Dans la section ‘Princesses d’ambre et d’Italie’ :

  • la Princesse Ottilia

Dans la section ‘Contes de givre et de sommeil’ :

  • la Princesse Neigefleur

Autres contes dans la Revue Illustrée

Le recueil publié comporte vingt-trois contes, dont seulement six du projet initial. Parmi les dis-sept autres contes publiés, six avaient donné lieu à une publication dans la Revue Illustrée :

  • la Princesse sous verre, publiée le 1er décembre 1895, avec des illustrations d’André Cahard. Elle sera republiée par la Revue Illustrée le 20 décembre 1905 et le 5 janvier 1906, sous le titre ‘Roses de Noël’, avec des illustrations de Lubin de Beauvais.
  • la Légende de la fée Mélusine et du Chevalier Raymondin, publiée le 15 mars 1896, avec des illustration de Henry Bellery-Desfontaines.
  • la Légende d’Amadis et de la fée Oriane, publiée le 1er juillet 1896, avec des illustrations de Henry Bellery-Desfontaines.
  • la Princesse Mandosiane, publiée le 1er juin 1899, avec des illustrations d’Alfred  Daguet.
  • Neighilde, publiée le 1er décembre 1899, avec des illustrations de Henri-Patrice Dillon.
  • L’inutile vertu, publié le 1er août 1901, illustré par Georges Conrad.

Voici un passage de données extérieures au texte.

lemma norm_z: "norm z \<le> 1" "norm (st z) \<le> 1"
proof -
  have "norm z ^ 2 \<le> 1" using cstar_id[of z] st_z_z norm_e by simp
  then show 1: "norm z \<le> 1" using power2_le_imp_le[of "norm z" 1] by simp
  then show "norm (st z) \<le> 1" by simp
qed

lemma laurent_corner: "laurent f x \<Longrightarrow> e * x = x" "laurent f x \<Longrightarrow> x * e = x"
  using laurent_commute_z by auto

lemma corner_inv_z_off_circle:
  assumes "cmod r \<noteq> 1"
  shows "corner_inv e (z - sc r e)"
proof (cases "cmod r < 1")
  case True
  have n: "norm (sc r (st z)) < 1"
  proof -
    have "norm (sc r (st z)) = cmod r * norm (st z)" by (rule norm_sc)
    also have "\<dots> \<le> cmod r * 1" using norm_z(2) by (intro mult_left_mono) simp_all
    finally show ?thesis using True by simp
  qed
  have c1: "corner_inv e (e - sc r (st z))"
    by (rule corner_inv_neumann[OF e_idem _ _ n]) (simp_all add: sc_mult_left sc_mult_right e_st_z st_z_e)
  have "corner_inv e (z * (e - sc r (st z)))"
    by (rule corner_inv_mult[OF corner_inv_z c1]) (simp_all add: z_e right_diff_distrib e_idem sc_mult_right e_st_z)
  moreover have "z * (e - sc r (st z)) = z - sc r e" by (simp add: right_diff_distrib z_e sc_mult_right z_st_z)
  ultimately show ?thesis by simp
next
  case False
  then have r1: "cmod r > 1" using assms by simp
  then have r0: "r \<noteq> 0" by auto
  have n: "norm (sc (1/r) z) < 1"
  proof -
    have "norm (sc (1/r) z) = norm z / cmod r" by (simp add: norm_sc norm_divide)
    also have "\<dots> \<le> 1 / cmod r" using norm_z(1) r1 by (simp add: divide_right_mono)
    also have "\<dots> < 1" using r1 by (simp add: divide_less_eq)
    finally show ?thesis .
  qed
  have c1: "corner_inv e (e - sc (1/r) z)"
    by (rule corner_inv_neumann[OF e_idem _ _ n]) (simp_all add: sc_mult_left sc_mult_right e_z z_e)
  have "corner_inv e (sc (-r) (e - sc (1/r) z))" using r0 by (intro corner_inv_sc[OF c1]) simp
  moreover have "sc (-r) (e - sc (1/r) z) = z - sc r e" using r0
    by (simp add: sc_diff_right sc_sc sc_minus_left)
  ultimately show ?thesis by simp
qed

lemma poly_corner_diff: "poly_corner z (A - B) = poly_corner z A - poly_corner z B"
  using poly_corner_add[OF e_z z_e, of "A - B" B] by (simp add: eq_diff_eq)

En plus de ceux-ci, la Revue Illustrée a publié d’autres contes de Lorrain – comme par exemple la Reine Maritorne ; un recensement de ces contes serait intéressant.

Pour aller plus loin

Le recueil ‘Princesses d’ivoire et d’ivresse‘ se trouve facilement – soit dans une des rééditions d’Ollendorf, soit dans l’édition donnée par Jean de Palacio chez Séguier, en 1993.

Sur ce sujet, il faut lire également ‘les périodiques illustrés (1890-1940)‘, présenté par Philippe Kaenel, aux éditions In-Folio, 2011 – notamment la contribution d’Evanghélia Stead : De la revue au livre : Jean Lorrain et ses illustrateurs dans la Revue Illustrée.